A reciclagem dos clichês
Por Bráulio Tavares Em: 05/10/2007, às 12H34
Um escritor de ficção científica disse uma vez: “Nunca use uma idéia que você aprendeu na televisão. A TV é o fim da cadeia alimentar das idéias. Quando ela chega lá, já sugaram todas as proteínas que ela poderia ter pra dar”. O cara que disse isto não tinha preconceito contra coisas modernas, pelo contrário, era um cara que escrevia FC. Mas, por isto mesmo, era capaz de visualizar o trajeto de uma idéia no mercado das histórias.
Suponhamos uma boa idéia. Digamos: “Um mundo-simulação onde os personagens eletrônicos pensam que são gente de carne-e-osso”. Publicada num livro, ela fica hibernando ali durante dez, vinte anos, sendo conhecida apenas pelas dez ou vinte mil pessoas que leram aquele livro (estou falando em mercado norte-americano). Mas é uma boa idéia, e cedo ou tarde um produtor esperto ou um roteirista teimoso consegue comprar os direitos do livro.
Enquanto isto, no mercado literário, a idéia não foi esquecida. Já se criaram variantes, já se escreveram livros tentando desmenti-la, e quem leu estes livros também leu o livro que os inspirou. Dentro do mercado da literatura de gênero (FC, policial, terror, etc.), este tipo de diálogo, de “feedback” é costumeiro, é a respiração normal de uma literatura. Todos estes livros provocam resenhas, críticas, respostas, e a idéia original volta a ser debatida, dissecada, melhorada, enriquecida.
Seguem-se mais alguns anos de tentativas de fazer o filme, que acaba sendo feito, e estréia 25 anos depois do livro original ter saído. O filme passa meio despercebido, mas quem leu o livro corre e vai vê-lo. Isto provoca um novo surto de interesse pela idéia, brotam novos textos, contos, um ou outro romance. Ao mesmo tempo, o filme também chama a atenção de outras pessoas na indústria. Poucos anos depois, um roteirista esperto adota a idéia e bola em cima dela outra história. Atores famosos topam estrelar. O filme é feito, e vira um arrasa-quarteirão. Dois anos depois, há uma dúzia de filmes semelhantes sendo feitos, todos em cima da mesma idéia.

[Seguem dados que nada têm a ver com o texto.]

(* Let $k\ge 2$ be an integer, let $x>0$ be real, and let $M_0\ge 6$ be an integer. Let $M=M(x,k)$ be the nonnegative integer satisfying $$2^k+3^k+\cdots+p_M^k\le x<2^k+3^k+\cdots+p_M^k+p_{M+1}^k .$$ If $M\ge M_0$, then $$\log M<\frac{\log x}{k+1}\cdot\frac{1}{A(M_0)}\qquad\text{and}\qquad \log M\ge \frac{\log x}{k+1}\cdot\frac{1}{B(M_0,k)}.$$
   Context: $p_n$ denotes the $n$th prime, with $p_1=2$. For $y\ge 6$ define $A(y)=\frac{\log(y/2)}{\log y}$ and $B(y,k)=\frac{\log(y+1)}{\log y}+\frac{\log\log\left((y+1)^2\right)}{\log y}\cdot\frac{k}{k+1}$. *)

theory Defs
  imports Complex_Main "HOL-Computational_Algebra.Primes" "HOL-Library.Infinite_Set"
begin

text \<open>The n-th prime, 1-indexed: pr 1 = 2, pr 2 = 3, ... (pr 0 is a junk value).\<close>
definition pr :: "nat \<Rightarrow> nat" where
  "pr n = enumerate {p. prime p} (n - 1)"

definition A_fun :: "real \<Rightarrow> real" where
  "A_fun y = ln (y / 2) / ln y"

definition B_fun :: "real \<Rightarrow> real \<Rightarrow> real" where
  "B_fun y k = ln (y + 1) / ln y + ln (ln ((y + 1)^2)) / ln y * (k / (k + 1))"

end

theory Submission
  imports Defs "HOL-Analysis.Harmonic_Numbers"
begin

text \<open>
  Since \<open>p\<^sub>i > i\<close>, the lower hypothesis gives
  \<open>x \<ge> \<Sum>i\<le>M. i^k \<ge> M^(k+1)/(k+1) > (M/2)^(k+1)\<close>, and \<open>ln (M/2) = A(M) ln M\<close>
  with \<open>A\<close> increasing. For the upper bound, the Chebyshev-type estimate \<open>p\<^sub>n \<le> 2 n ln n\<close>
  (\<open>n \<ge> 7\<close>) gives \<open>x < (M+1) p\<^sub>M\<^sub>+\<^sub>1^k \<le> (M+1)^(k+1) ln((M+1)^2)^k\<close>, whose
  logarithm is \<open>(k+1) B(M,k) ln M\<close> with \<open>B\<close> decreasing in \<open>M\<close>.

  For \<open>n \<ge> 50\<close> the estimate for \<open>p\<^sub>n\<close> follows from Chebyshev's inequality
  \<open>\<pi>(30m) ln (30m) \<ge> ln ((30m)! m! / ((15m)! (10m)! (6m)!))\<close>, whose right-hand side is
  bounded below by Stirling-type estimates; for \<open>7 \<le> n < 50\<close> it is checked against a table.
\<close>

section \<open>The \<open>n\<close>-th prime\<close>

lemma enumerate_le_if_less_card:
  fixes S :: "nat set"
  assumes S: "infinite S" and n: "n < card {s\<in>S. s \<le> B}"
  shows "enumerate S n \<le> B"
proof (rule ccontr)
  assume "\<not> enumerate S n \<le> B"
  then have "{s\<in>S. s \<le> B} \<subseteq> enumerate S ` {..<n}"
  proof (intro subsetI)
    fix s assume s: "s \<in> {s\<in>S. s \<le> B}"
    then obtain i where i: "enumerate S i = s"
      using enumerate_Ex[OF S] by blast
    with s \<open>\<not> enumerate S n \<le> B\<close> have "i < n"
      using enumerate_mono_le_iff[OF S, of n i] by (auto simp: not_le)
    with i show "s \<in> enumerate S ` {..<n}" by blast
  qed
  then have "card {s\<in>S. s \<le> B} \<le> card (enumerate S ` {..<n})"
    by (intro card_mono) auto
  also have "\<dots> \<le> n"
    using card_image_le[of "{..<n}" "enumerate S"] by simp
  finally show False using n by simp
qed

lemma pr_mono: "1 \<le> i \<Longrightarrow> i \<le> j \<Longrightarrow> pr i \<le> pr j"
  unfolding pr_def using primes_infinite by simp

lemma Suc_le_pr:
  assumes "1 \<le> n"
  shows "n + 1 \<le> pr n"
proof -
  have "i + 2 \<le> enumerate {p::nat. prime p} i" for i
  proof (induction i)
    case 0
    show ?case using prime_ge_2_nat[of "enumerate {p. prime p} 0"]
      enumerate_in_set[OF primes_infinite, of 0] by simp
  next
    case (Suc i)
    then show ?case using enumerate_step[OF primes_infinite, of i] by simp
  qed
  from this[of "n - 1"] show ?thesis using assms by (simp add: pr_def)
qed

lemma pr_le_if_le_card_primes:
  assumes "1 \<le> n" and "n \<le> card {p. prime p \<and> p \<le> B}"
  shows "pr n \<le> B"
  unfolding pr_def using assms enumerate_le_if_less_card[OF primes_infinite, of "n - 1" B] by simp

section \<open>Legendre's formula\<close>

lemma multiplicity_le_self:
  fixes p a :: nat
  assumes "prime p" and "0 < a"
  shows "multiplicity p a \<le> a"
proof -
  have "multiplicity p a < 2 ^ multiplicity p a" by (rule less_exp)
  also have "\<dots> \<le> p ^ multiplicity p a"
    using prime_ge_2_nat[OF assms(1)] by (simp add: power_mono)
  also have "\<dots> \<le> a"
    using multiplicity_dvd[of p a] assms(2) by (simp add: dvd_imp_le)
  finally show ?thesis by simp
qed

lemma sum_of_bool_prime_power_dvd:
  fixes p a :: nat
  assumes p: "prime p" and a: "0 < a" "a \<le> K"
  shows "(\<Sum>j=1..K. of_bool (p ^ j dvd a)) = multiplicity p a"
proof -
  have "\<not> is_unit p" "a \<noteq> 0" using p a(1) by auto
  then have dvd_iff: "p ^ j dvd a \<longleftrightarrow> j \<le> multiplicity p a" for j
    using power_dvd_iff_le_multiplicity by blast
  have "{1..K} \<inter> {j. j \<le> multiplicity p a} = {1..multiplicity p a}"
    using multiplicity_le_self[OF p a(1)] a(2) by auto
  moreover have "(\<Sum>j=1..K. of_bool (p ^ j dvd a)) = (\<Sum>j=1..K. of_bool (j \<le> multiplicity p a) :: nat)"
    by (simp only: dvd_iff)
  ultimately show ?thesis by simp
qed

lemma legendre_multiplicity_fact:
  fixes p :: nat
  assumes p: "prime p" and "n \<le> K"
  shows "multiplicity p (fact n :: nat) = (\<Sum>j=1..K. n div p ^ j)"
  using \<open>n \<le> K\<close>
proof (induction n)
  case 0
  then show ?case by simp
next
  case (Suc n)
  have "multiplicity p (fact (Suc n) :: nat) = multiplicity p (Suc n * fact n)"
    by (simp only: fact_Suc of_nat_id)
  also have "\<dots> = multiplicity p (Suc n) + multiplicity p (fact n :: nat)"
    using p by (intro prime_elem_multiplicity_mult_distrib) simp_all
  also have "multiplicity p (Suc n) = (\<Sum>j=1..K. of_bool (p ^ j dvd Suc n))"
    using sum_of_bool_prime_power_dvd[OF p, of "Suc n" K] Suc.prems by simp
  also have "multiplicity p (fact n :: nat) = (\<Sum>j=1..K. n div p ^ j)"
    using Suc by simp
  also have "(\<Sum>j=1..K. of_bool (p ^ j dvd Suc n)) + (\<Sum>j=1..K. n div p ^ j)
      = (\<Sum>j=1..K. Suc n div p ^ j)"
    unfolding sum.distrib[symmetric]
  proof (intro sum.cong refl)
    fix j
    have "0 < p ^ j" using p by (simp add: prime_gt_0_nat)
    then show "of_bool (p ^ j dvd Suc n) + n div p ^ j = Suc n div p ^ j"
      by (simp add: div_Suc dvd_eq_mod_eq_0)
  qed
  finally show ?case .
qed

lemma ln_fact_eq_sum_primes:
  assumes "n \<le> N"
  shows "ln (fact n :: real) = (\<Sum>p | prime p \<and> p \<le> N. real (\<Sum>j=1..N. n div p ^ j) * ln (real p))"
proof -
  let ?e = "\<lambda>p. multiplicity p (fact n :: nat)"
  have "(fact n :: real) = real (\<Prod>p\<in>prime_factors (fact n :: nat). p ^ ?e p)"
    using prod_prime_factors[of "fact n :: nat"] by simp
  then have "ln (fact n :: real) = ln (\<Prod>p\<in>prime_factors (fact n :: nat). real p ^ ?e p)"
    by simp
  also have "\<dots> = (\<Sum>p\<in>prime_factors (fact n :: nat). real (?e p) * ln (real p))"
    by (subst ln_prod) (auto simp: ln_realpow in_prime_factors_iff prime_gt_0_nat)
  also have "\<dots> = (\<Sum>p | prime p \<and> p \<le> N. real (?e p) * ln (real p))"
    using assms
    by (intro sum.mono_neutral_left)
       (auto simp: in_prime_factors_iff prime_dvd_fact_iff intro: not_dvd_imp_multiplicity_0)
  also have "\<dots> = (\<Sum>p | prime p \<and> p \<le> N. real (\<Sum>j=1..N. n div p ^ j) * ln (real p))"
    using assms by (intro sum.cong refl) (simp add: legendre_multiplicity_fact)
  finally show ?thesis .
qed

A esta altura, no meio literário ninguém agüenta mais falar naquilo, até porque neste intervalo não pararam de aparecer idéias novas e diferentes. O sucesso de alguns daqueles doze filmes provoca seqüências, paródias, novelizações, quadrinhos. E, logo depois, uma série na TV. Que leva algum tempo para ser produzida, e quando vai ao ar é vista por um adolescente (ou por um adulto meio desligadão) que pensa: “Puxa vida! Um mundo-simulação que pensa que é real! Que idéia maneira! Como é que ninguém pensou nisto antes? Vou escrever uma história!” Meu conselho é: escreva, sim, companheiro. Eu não fiz outra coisa em minha vida senão seguir estes impulsos. Mas – não se iluda. Você vai estar reinventando a pólvora. Mesmo que o que você venha a produzir seja pólvora mesmo, e da boa, você não será nunca o Inventor, será apenas um fabricante a mais de um troço que todo mundo já conhece.